While all intellectual property assets are subject to unforeseen factors and managerial decisions regarding licensing and sale, patents are subject to a particularly wide range of decisions, both during the application process and following grant. Thus, patents exhibit a high degree of uncertainty as to their eventual value. See Robert Pitkethly, The Valuation of Patents: A Review of Patent Valuation Methods with Consideration of Option Based Methods and the Potential for Further Research (Judge Institute Working Paper WP 21/97, The Judge Institute of Management Studies, Cambridge, UK, 1997), incorporated herein by reference. Patent valuation is particularly difficult because of two factors: (1) the uncertainties about both the technical and commercial successes of the underlying technology in competitive markets, and (2) the potential for legal challenges that can occur both during the commercial application of the patented technology and during subsequent patent enforcement efforts.
The absence of efficient markets for trading patents—markets with many buyers, many sellers, and wide availability of information affecting prices—makes it difficult to value patents. Many consultants, writers, and other experts on the subject of patent valuation have proposed assigning a value to a patent by using techniques that seem to be reasonably well suited for the valuation of technology, but that appear to be ill suited for the valuation of patents protecting technology. Typically, when called upon to value a particular patent or patent portfolio, these experts value the underlying technology and present the result as the value of the patent or portfolio. Technology, however, is distinct from the patents that it underlies. Technology is knowledge that deals with applied science, engineering, or business methods as distinguished from patents, which are legal rights of exclusion. Technology can exist independent of patents and may be protected by other types of IP such trade secrets and know-how, for example. Therefore, the methods of valuation applicable to a technology may not provide adequate results when applied to valuation of the patents protecting the technology.
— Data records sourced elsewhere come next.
theorem mainTheorem2:
  fixes M :: "'w measure" and N :: "'v measure"
    and \<Psi> :: "'w \<Rightarrow> ('a::{real_inner, complete_space} \<Rightarrow>\<^sub>L 'a)"
    and \<Psi>s :: "nat \<Rightarrow> 'v \<Rightarrow> ('a \<Rightarrow>\<^sub>L 'a)"
    and C :: real
  assumes sep: "separable_space TYPE('a)"
    and probM: "prob_space M"
    and meas: "strongly_measurable_op M \<Psi>"
    and pos: "\<And>\<omega>. \<omega> \<in> space M \<Longrightarrow> positive_contraction (\<Psi> \<omega>)"
    and C_pos: "0 < C" and C_lt1: "C < 1"
    and frame_lower: "\<And>x. (\<integral>\<omega>. (norm (\<Psi> \<omega> x))\<^sup>2 \<partial>M) \<ge> C * (norm x)\<^sup>2"
    and probN: "prob_space N"
    and meas_copies: "\<And>k. k \<ge> 1 \<Longrightarrow> strongly_measurable_op N (\<Psi>s k)"
    and indep: "prob_space.indep_vars N (\<lambda>_. SOT_space) \<Psi>s {1..}"
    and ident: "\<And>k. k \<ge> 1 \<Longrightarrow> distr N SOT_space (\<Psi>s k) = distr M SOT_space \<Psi>"
  shows "(\<forall>x. (\<lambda>n. \<integral>\<omega>. (norm (x - (\<Sum>k\<in>{1..n}. Top \<Psi>s k \<omega> x)))\<^sup>2 \<partial>N)
              \<longlonglongrightarrow> 0)
       \<and> (\<forall>x. AE \<omega> in N. (\<lambda>n. \<Sum>k\<in>{1..n}. Top \<Psi>s k \<omega> x) \<longlonglongrightarrow> x)
       \<and> (\<forall>x. convergent (\<lambda>n. \<integral>\<omega>. (\<Sum>k\<in>{1..n}. (norm (Top \<Psi>s k \<omega> x))\<^sup>2) \<partial>N)
              \<and> C * (norm x)\<^sup>2 \<le> lim (\<lambda>n. \<integral>\<omega>. (\<Sum>k\<in>{1..n}. (norm (Top \<Psi>s k \<omega> x))\<^sup>2) \<partial>N)
              \<and> lim (\<lambda>n. \<integral>\<omega>. (\<Sum>k\<in>{1..n}. (norm (Top \<Psi>s k \<omega> x))\<^sup>2) \<partial>N) \<le> (norm x)\<^sup>2)"
proof -
  interpret iid_frame M N \<Psi> \<Psi>s C
    by (intro iid_frame.intro iid_positive_contractions.intro iid_frame_axioms.intro
        iid_positive_contractions_axioms.intro) (fact assms)+
  show ?thesis
    using mean_square_convergence AE_convergence frame_bounds by blast
qed

end
(* There exists a constant $c_0>0$ such that for all $n,r,t\in\mathbb{N}$ and $\varepsilon\in(0,1)$ with $r<\frac{\varepsilon^2 n}{c_0t}$, there is a nonadaptive $t$-online-corruption-resilient $\varepsilon$-tester for sortedness of $n$-element real sequences with at most $r$ distinct values that makes $O(\sqrt r/\varepsilon)$ queries, each chosen uniformly and independently from $[n]$.
   Context: An algorithm accesses an input function $f:D\to R$ ($D$ finite) only through an oracle $\mathcal{O}$, querying points one at a time and receiving $\mathcal{O}(x)$; initially $\mathcal{O}(x)=f(x)$ for all $x$. A $t$-online-corruption oracle, after answering each query, may replace $\mathcal{O}(x)$ at up to $t$ points $x$ by arbitrary values in the range of $f$; modified values are used for all future queries. Its choices (adversarial strategy) may depend on $f$, the queries and answers so far, and the algorithm's code, but not on the algorithm's future random coins. $f$ is $\varepsilon$-far from a property $\mathcal{P}$ (a set of functions) if it differs from every $g\in\mathcal{P}$ on at least an $\varepsilon$ fraction of $D$. A $t$-online-corruption-resilient $\varepsilon$-tester for $\mathcal{P}$ is a randomized algorithm that, with access to $f$ via a $t$-online-corruption oracle and for every adversarial strategy, accepts with probability at least $2/3$ if $f\in\mathcal{P}$ and rejects with probability at least $2/3$ if $f$ is $\varepsilon$-far from $\mathcal{P}$. Nonadaptive means queries do not depend on previous answers. A sequence $f:[n]\to\mathbb{R}$ is sorted if $f(x)\le f(y)$ for all $x<y$; the tester is promised that $f$ takes at most $r$ distinct values. *)

theory Defs
  imports "HOL-Probability.Probability"
begin

text \<open>Domain [n] is rendered as {..<n}; sequences are functions nat \<Rightarrow> real
  (only values on {..<n} matter).\<close>

definition sorted_on :: "nat \<Rightarrow> (nat \<Rightarrow> real) \<Rightarrow> bool" where
  "sorted_on n f \<longleftrightarrow> (\<forall>x y. x < y \<and> y < n \<longrightarrow> f x \<le> f y)"

definition far_from_sorted :: "nat \<Rightarrow> real \<Rightarrow> (nat \<Rightarrow> real) \<Rightarrow> bool" where
  "far_from_sorted n \<epsilon> f \<longleftrightarrow>
     (\<forall>g. sorted_on n g \<longrightarrow> real (card {x \<in> {..<n}. f x \<noteq> g x}) \<ge> \<epsilon> * real n)"

text \<open>An adversarial strategy: given the queries made so far, the answers given so far,
  and the current oracle, it produces the oracle used for the future.\<close>
type_synonym adversary = "nat list \<Rightarrow> real list \<Rightarrow> (nat \<Rightarrow> real) \<Rightarrow> (nat \<Rightarrow> real)"

definition t_online_adversary :: "nat \<Rightarrow> nat \<Rightarrow> adversary \<Rightarrow> bool" where
  "t_online_adversary n t adv \<longleftrightarrow>
     (\<forall>qs as Orc. card {x \<in> {..<n}. adv qs as Orc x \<noteq> Orc x} \<le> t)"

fun oracle_answers :: "adversary \<Rightarrow> nat list \<Rightarrow> real list \<Rightarrow> (nat \<Rightarrow> real) \<Rightarrow> nat list \<Rightarrow> real list" where
  "oracle_answers adv hq ha Orc [] = []"
| "oracle_answers adv hq ha Orc (q # qs) =
     (let a = Orc q; hq' = hq @ [q]; ha' = ha @ [a]
      in a # oracle_answers adv hq' ha' (adv hq' ha' Orc) qs)"

definition uniform_queries :: "nat \<Rightarrow> nat \<Rightarrow> nat list pmf" where
  "uniform_queries n k = pmf_of_set {qs. set qs \<subseteq> {..<n} \<and> length qs = k}"

definition accept_prob :: "nat \<Rightarrow> nat \<Rightarrow> (nat list \<Rightarrow> real list \<Rightarrow> bool pmf) \<Rightarrow> adversary \<Rightarrow> (nat \<Rightarrow> real) \<Rightarrow> real" where
  "accept_prob n k dec adv f =
     pmf (bind_pmf (uniform_queries n k) (\<lambda>qs. dec qs (oracle_answers adv [] [] f qs))) True"

definition online_resilient_sortedness_tester ::
  "nat \<Rightarrow> nat \<Rightarrow> nat \<Rightarrow> real \<Rightarrow> nat \<Rightarrow> (nat list \<Rightarrow> real list \<Rightarrow> bool pmf) \<Rightarrow> bool" where
  "online_resilient_sortedness_tester n r t \<epsilon> k dec \<longleftrightarrow>
     (\<forall>f adv. card (f ` {..<n}) \<le> r \<longrightarrow> t_online_adversary n t adv \<longrightarrow>
        (sorted_on n f \<longrightarrow> accept_prob n k dec adv f \<ge> 2/3) \<and>
        (far_from_sorted n \<epsilon> f \<longrightarrow> accept_prob n k dec adv f \<le> 1/3))"
lemma W_eq_realization_plus_poly:
  assumes r: "r < q" and c: "c < t"
  shows "\<exists>z. W $$ (r, c) = realization $$ (r, c) + to_fract z"
proof -
  obtain z where z: "realization $$ (r, c) =
      (\<Sum>j<k. T r (Suc j) * to_fract (padic_digit p (k - 1 - j) (g $ c))) + to_fract z"
    using realization_index_eq_padic_sum[OF r c] by blast
  obtain z' where z': "W $$ (r, c) =
      (\<Sum>j<k. T r (Suc j) * to_fract (padic_digit p (k - 1 - j) (g $ c))) + to_fract z'"
    using W_index_eq_padic_sum[OF r c] by blast
  have "W $$ (r, c) = realization $$ (r, c) + to_fract (z' - z)"
    unfolding z z' by simp
  then show ?thesis
    by blast
qed

theorem pi_minus_W_realization:
  "map_mat pi_minus W = realization"
proof (rule eq_matI)
  fix r c assume "r < dim_row realization" "c < dim_col realization"
  then have r: "r < q" and c: "c < t"
    by (simp_all add: H_def G_def emb_mat_def)
  obtain z where "W $$ (r, c) = realization $$ (r, c) + to_fract z"
    using W_eq_realization_plus_poly[OF r c] by blast
  then have "pi_minus (W $$ (r, c)) = realization $$ (r, c)"
    by (rule pi_minus_eqI[OF realization_strictly_proper[OF r c]])
  then show "map_mat pi_minus W $$ (r, c) = realization $$ (r, c)"
    using r c by (simp add: W_def)
qed (simp_all add: W_def H_def G_def emb_mat_def)

theorem realization_minimal:
  assumes "prime_elem p" "0 < k" "coprime_fact p k h g"
  shows "\<not> (\<exists>m F' G' H'. m < n * k \<and> F' \<in> carrier_mat m m \<and> G' \<in> carrier_mat m t \<and>
    H' \<in> carrier_mat q m \<and> emb_mat H' * resolvent F' * emb_mat G' = map_mat pi_minus W)"
proof
  assume "\<exists>m F' G' H'. m < n * k \<and> F' \<in> carrier_mat m m \<and> G' \<in> carrier_mat m t \<and>
    H' \<in> carrier_mat q m \<and> emb_mat H' * resolvent F' * emb_mat G' = map_mat pi_minus W"
  then obtain m F' G' H' where m: "m < n * k" and F': "F' \<in> carrier_mat m m"
    and G': "G' \<in> carrier_mat m t" and H': "H' \<in> carrier_mat q m"
    and eq: "emb_mat H' * resolvent F' * emb_mat G' = map_mat pi_minus W"
    by blast
  obtain r c where r: "r < q" "\<not> p dvd h $ r" and c: "c < t" "\<not> p dvd g $ c"
    using coprime_fact_ex_not_dvd[OF assms(3,2) degree_pos] dimh dimg by blast
  obtain z where z: "W $$ (r, c) = realization $$ (r, c) + to_fract z"
    using W_eq_realization_plus_poly[OF r(1) c(1)] by blast
  have "(emb_mat H' * resolvent F' * emb_mat G') $$ (r, c) =
      to_fract (h $ r * g $ c) / to_fract (p ^ k) + to_fract (- z)"
    using z r c by (simp add: eq pi_minus_W_realization) (simp add: W_def)
  moreover have "\<not> p dvd h $ r * g $ c"
    using assms(1) r(2) c(2) by (simp add: prime_elem_dvd_mult_iff)
  ultimately have "n * k \<le> m"
    using realization_size_ge[OF F' H' G' r(1) c(1) assms(1)] by blast
  with m show False
    by simp
qed
(* For each integer $n\ge0$ let $\theta^\Delta_n(x)=\sum_{k=0}^n\frac{(n+k)!}{2^k(n-k)!\,k!}(x)_{n-k}$, where $(x)_j=x(x-1)\cdots(x-j+1)$ and $(x)_0=1$. Then for every $n\ge0$ and every $x\in\mathbb{C}$, \[ \theta^\Delta_{n+2}(x)-(2n+3)\theta^\Delta_{n+1}(x)-x(x-1)\theta^\Delta_n(x-2)=0 . \] *)

theory Defs
  imports Complex_Main
begin

definition falling_fact :: "complex \<Rightarrow> nat \<Rightarrow> complex" where
  "falling_fact x j = (\<Prod>i<j. x - of_nat i)"

definition theta_Delta :: "nat \<Rightarrow> complex \<Rightarrow> complex" where
  "theta_Delta n x = (\<Sum>k=0..n. of_nat (fact (n + k)) / (2 ^ k * of_nat (fact (n - k)) * of_nat (fact k))
                        * falling_fact x (n - k))"

end

theory Submission
  imports Defs
begin

(* With a = theta_coeff, theta_Delta n x = (SUM k. a n k * (x)_(n-k)). Since
   x (x - 1) (x - 2)_j = (x)_(j+2), the term x (x - 1) theta_Delta n (x - 2) has the same
   coefficients a n k, now on (x)_(n+2-k). Comparing coefficients, the identity reduces to
   a (n+2) 0 = a n 0 = 1 and the recurrence a (n+2) (k+1) = (2n+3) a (n+1) k + a n (k+1), which
   after division by a (n+1) k is the polynomial identity
   (n+k+3)(n+k+2) = 2(k+1)(2n+3) + (n+1-k)(n-k). *)

lemma falling_fact_add: "falling_fact x (m + j) = falling_fact x m * falling_fact (x - of_nat m) j"
  by (induction j) (simp_all add: falling_fact_def algebra_simps)

lemma falling_fact_2: "falling_fact x 2 = x * (x - 1)"
  by (simp add: falling_fact_def numeral_2_eq_2 lessThan_Suc)

definition theta_coeff :: "nat \<Rightarrow> nat \<Rightarrow> 'a :: field_char_0" where
  "theta_coeff n k = (if k \<le> n then fact (n + k) / (2 ^ k * fact (n - k) * fact k) else 0)"

lemma theta_coeff_0 [simp]: "theta_coeff n 0 = 1"
  by (simp add: theta_coeff_def)

lemma theta_coeff_eq: "k \<le> n \<Longrightarrow> theta_coeff n k = fact (n + k) / (2 ^ k * fact (n - k) * fact k)"
  by (simp add: theta_coeff_def)

lemma theta_coeff_add_2_Suc:
  "2 * of_nat (Suc k) * theta_coeff (n + 2) (Suc k)
     = of_nat (n + k + 3) * of_nat (n + k + 2) * theta_coeff (n + 1) k"
proof (cases "k \<le> n + 1")
  case True
  have num: "fact (n + 2 + Suc k) = of_nat (n + k + 3) * of_nat (n + k + 2) * (fact (n + 1 + k) :: 'a)"
    by (simp add: numeral_3_eq_3 numeral_2_eq_2 algebra_simps)
  have den: "2 ^ Suc k * fact (n + 2 - Suc k) * fact (Suc k)
      = 2 * of_nat (Suc k) * (2 ^ k * fact (n + 1 - k) * (fact k :: 'a))"
    by (simp del: of_nat_Suc)
  show ?thesis
    using True by (simp only: theta_coeff_eq num den) (simp del: of_nat_Suc)
qed (simp add: theta_coeff_def)

(* Truncated subtraction is harmless here: for k \<ge> n both sides vanish. *)
lemma theta_coeff_Suc:
  "2 * of_nat (Suc k) * theta_coeff n (Suc k)
     = of_nat (n + 1 - k) * of_nat (n - k) * theta_coeff (n + 1) k"
proof (cases "Suc k \<le> n")
  case True
  have num: "fact (n + Suc k) = (fact (n + 1 + k) :: 'a)"
    by simp
  have den: "2 ^ k * fact (n + 1 - k) * fact k
      = of_nat (n + 1 - k) * of_nat (n - k) * (2 ^ k * fact (n - Suc k) * (fact k :: 'a))"
    using True by (simp add: fact_reduce Suc_diff_le del: of_nat_diff)
  have "(of_nat (n + 1 - k) :: 'a) \<noteq> 0" "(of_nat (n - k) :: 'a) \<noteq> 0"
    using True by (simp_all del: of_nat_diff)
  then show ?thesis
    using True by (simp only: theta_coeff_eq num den) (simp del: of_nat_Suc of_nat_diff)
qed (simp add: theta_coeff_def)

lemma theta_coeff_recurrence:
  "theta_coeff (n + 2) (Suc k) = (2 * of_nat n + 3) * theta_coeff (n + 1) k + theta_coeff n (Suc k)"
proof (cases "k \<le> n + 1")
  case True
  then obtain d where d: "n + 1 = k + d" using le_Suc_ex by blast
  have "(n + k + 3) * (n + k + 2) = 2 * Suc k * (2 * n + 3) + (n + 1 - k) * (n - k)"
    using d by (cases d) (auto simp: algebra_simps)
  then have "(of_nat (n + k + 3) * of_nat (n + k + 2) :: 'a)
      = 2 * of_nat (Suc k) * (2 * of_nat n + 3) + of_nat (n + 1 - k) * of_nat (n - k)"
    by (metis (mono_tags, lifting) of_nat_add of_nat_mult of_nat_numeral)
  then have "2 * of_nat (Suc k) * theta_coeff (n + 2) (Suc k)
      = (2 * of_nat (Suc k) * (2 * of_nat n + 3) + of_nat (n + 1 - k) * of_nat (n - k))
          * (theta_coeff (n + 1) k :: 'a)"
    by (simp only: theta_coeff_add_2_Suc)
  also have "\<dots> = 2 * of_nat (Suc k) * ((2 * of_nat n + 3) * theta_coeff (n + 1) k + theta_coeff n (Suc k))"
    unfolding distrib_right theta_coeff_Suc[symmetric] by (simp add: algebra_simps)
  finally show ?thesis
    by (simp del: of_nat_Suc)
qed (simp add: theta_coeff_def)

lemma theta_Delta_eq_sum:
  assumes "n \<le> N"
  shows "theta_Delta n x = (\<Sum>k\<le>N. theta_coeff n k * falling_fact x (n - k))"
proof -
  have "theta_Delta n x = (\<Sum>k\<le>n. theta_coeff n k * falling_fact x (n - k))"
    unfolding theta_Delta_def atLeast0AtMost by (rule sum.cong) (simp_all add: theta_coeff_eq)
  also have "\<dots> = (\<Sum>k\<le>N. theta_coeff n k * falling_fact x (n - k))"
    using assms by (intro sum.mono_neutral_left) (auto simp: theta_coeff_def)
  finally show ?thesis .
qed

lemma theta_Delta_minus_2:
  "x * (x - 1) * theta_Delta n (x - 2) = (\<Sum>k\<le>n + 2. theta_coeff n k * falling_fact x (n + 2 - k))"
proof -
  have shift: "x * (x - 1) * falling_fact (x - 2) (n - k) = falling_fact x (n + 2 - k)"
    if "k \<le> n" for k
  proof -
    from that have "n + 2 - k = 2 + (n - k)" by simp
    then show ?thesis by (simp only: falling_fact_add falling_fact_2 of_nat_numeral)
  qed
  have "x * (x - 1) * theta_Delta n (x - 2)
      = (\<Sum>k\<le>n + 2. theta_coeff n k * (x * (x - 1) * falling_fact (x - 2) (n - k)))"
    by (subst theta_Delta_eq_sum[of n "n + 2"]) (simp_all only: le_add1 sum_distrib_left mult_ac)
  also have "\<dots> = (\<Sum>k\<le>n + 2. theta_coeff n k * falling_fact x (n + 2 - k))"
    by (rule sum.cong) (simp_all add: shift theta_coeff_def)
  finally show ?thesis .
qed

theorem mainTheorem13:
  fixes n :: nat and x :: complex
  shows "theta_Delta (n + 2) x - (2 * of_nat n + 3) * theta_Delta (n + 1) x
           - x * (x - 1) * theta_Delta n (x - 2) = 0"
proof -
  have top: "theta_Delta (n + 2) x
      = falling_fact x (n + 2) + (\<Sum>k\<le>n + 1. theta_coeff (n + 2) (Suc k) * falling_fact x (n + 1 - k))"
    by (subst theta_Delta_eq_sum[of _ "Suc (n + 1)"]) (simp_all add: sum.atMost_Suc_shift del: sum.atMost_Suc)
  have middle: "theta_Delta (n + 1) x = (\<Sum>k\<le>n + 1. theta_coeff (n + 1) k * falling_fact x (n + 1 - k))"
    by (rule theta_Delta_eq_sum) simp
  have bottom: "x * (x - 1) * theta_Delta n (x - 2)
      = falling_fact x (n + 2) + (\<Sum>k\<le>n + 1. theta_coeff n (Suc k) * falling_fact x (n + 1 - k))"
    by (subst theta_Delta_minus_2) (simp add: sum.atMost_Suc_shift del: sum.atMost_Suc)
  have "(\<Sum>k\<le>n + 1. theta_coeff (n + 2) (Suc k) * falling_fact x (n + 1 - k))
      = (2 * of_nat n + 3) * theta_Delta (n + 1) x
        + (\<Sum>k\<le>n + 1. theta_coeff n (Suc k) * falling_fact x (n + 1 - k))"
    unfolding middle theta_coeff_recurrence
    by (simp only: distrib_right sum.distrib sum_distrib_left mult.assoc)
  then show ?thesis
    unfolding top bottom by simp
qed

end
(* (a) For each $f\in\mathcal{F}_\mathrm{convex}^\nearrow(0,\infty)$ define $\hat f(t):=\sup_{x>0}\{xt-f(x)\}$ for $t\in(0,\infty)$. Then $\hat f\in\mathcal{F}_\mathrm{convex}^\nearrow(0,\infty)$, and $f\mapsto\hat f$ is an involutive bijection on $\mathcal{F}_\mathrm{convex}^\nearrow(0,\infty)$, i.e., $\hat{\hat f}=f$ for all $f\in\mathcal{F}_\mathrm{convex}^\nearrow(0,\infty)$. (b) For every $f\in\mathcal{F}_\mathrm{convex}^\nearrow(0,\infty)$ and every $B\in\mathbb{M}_n^+$, $$\mathrm{Tr}\, f(B)=\sup_{A\in\mathbb{P}_n}\{\mathrm{Tr}\, AB-\mathrm{Tr}\,\hat f(A)\},$$ where $f$ is continuously extended to $[0,\infty)$. (c) Let $f$ be a non-constant, non-decreasing function on $(0,\infty)$ and $0<r<1$. Then $x\mapsto f(x^{1-r})$ is convex on $(0,\infty)$ if and only if $f\in\mathcal{F}_\mathrm{convex}^\nearrow(0,\infty)$ and $x\mapsto\hat f(x^r)$ is concave on $(0,\infty)$.
   Context: $\mathcal{F}_\mathrm{convex}^\nearrow(0,\infty)$ is the set of non-decreasing convex real functions $f$ on $(0,\infty)$ such that $\lim_{x\to\infty}f(x)/x=+\infty$. $\mathbb{M}_n^+$: positive semidefinite $n\times n$ complex matrices; $\mathbb{P}_n$: positive definite ones; $\mathrm{Tr}$: usual trace. *)

theory Defs
  imports "HOL-Analysis.Analysis"
begin

text \<open>Functions on (0,infinity) are represented as total functions real => real;
  only their values on {0<..} matter.\<close>

definition F_convex_incr :: "(real \<Rightarrow> real) \<Rightarrow> bool" where
  "F_convex_incr f \<longleftrightarrow>
     mono_on {0<..} f \<and> convex_on {0<..} f \<and>
     filterlim (\<lambda>x. f x / x) at_top at_top"

definition conj_fun :: "(real \<Rightarrow> real) \<Rightarrow> real \<Rightarrow> real" where
  "conj_fun f t = (SUP x\<in>{0<..}. x * t - f x)"

definition ext0 :: "(real \<Rightarrow> real) \<Rightarrow> real \<Rightarrow> real" where
  "ext0 f x = (if 0 < x then f x else Lim (at_right 0) f)"

definition adjoint_mat :: "complex^'n^'n \<Rightarrow> complex^'n^'n" where
  "adjoint_mat A = (\<chi> i j. cnj (A $ j $ i))"

definition unitary_mat :: "complex^'n^'n \<Rightarrow> bool" where
  "unitary_mat U \<longleftrightarrow> adjoint_mat U ** U = mat 1"

definition hermitian_mat :: "complex^'n^'n \<Rightarrow> bool" where
  "hermitian_mat A \<longleftrightarrow> adjoint_mat A = A"

definition quad_form :: "complex^'n^'n \<Rightarrow> complex^'n \<Rightarrow> complex" where
  "quad_form A x = (\<Sum>i\<in>UNIV. cnj (x $ i) * (A *v x) $ i)"

definition psd_mat :: "complex^'n^'n \<Rightarrow> bool" where
  "psd_mat A \<longleftrightarrow> hermitian_mat A \<and> (\<forall>x. 0 \<le> Re (quad_form A x))"

definition pd_mat :: "complex^'n^'n \<Rightarrow> bool" where
  "pd_mat A \<longleftrightarrow> hermitian_mat A \<and> (\<forall>x. x \<noteq> 0 \<longrightarrow> 0 < Re (quad_form A x))"

definition diag_mat :: "('n \<Rightarrow> complex) \<Rightarrow> complex^'n^'n" where
  "diag_mat d = (\<chi> i j. if i = j then d i else 0)"

text \<open>Functional calculus for Hermitian matrices via a unitary diagonalisation
  A = U diag(lambda) U^*, giving f(A) = U diag(f(lambda)) U^* (independent of the choice).\<close>
definition mat_fun :: "(real \<Rightarrow> real) \<Rightarrow> complex^'n^'n \<Rightarrow> complex^'n^'n" where
  "mat_fun f A = (SOME M. \<exists>U (lam :: 'n \<Rightarrow> real).
      unitary_mat U \<and> A = U ** diag_mat (\<lambda>i. complex_of_real (lam i)) ** adjoint_mat U \<and>
      M = U ** diag_mat (\<lambda>i. complex_of_real (f (lam i))) ** adjoint_mat U)"

end

theory Submission
  imports Defs
begin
Another approach employed to value patents is the application of the “real options pricing theory” and the so-called Black-Scholes equation. In this approach, a parallel is drawn between the commodity-option relationship and technology-patent relationship. It is argued that what works (or should work) in valuing options, should also work in valuing patents. A patent, however, is unlike a commodity option in that it grants no affirmative rights, but rather it grants a negative right: the right to exclude others from exploiting the patented invention. The parallel between commodity options and patents, therefore, is not entirely justified, and the Black-Scholes pricing approach may not yield satisfactory results in many circumstances when it is applied to valuation of patents. This is not to say that a real option approach is not at all applicable to patents. When an inventor (or a manger) makes a decision to file a patent application, he or she thereby acquires an option on paying the issue fee (if the patent is allowed) and having the patents issue. Paying the issue fee, one acquires an option on a subsequent decision to pay a maintenance fee to keep the patent alive, etc. Although, a patent is not an option on the patented technology, a patent may be viewed as an option on enforcing patent monopoly, i.e. an option to file a lawsuit for patent infringement.
A need thus exists for intellectual property valuation methods that are based on the attributes of the property valued. A further need exists for intellectual property valuation techniques that produce analytical results reflective of real world risks, opportunities, and outcomes.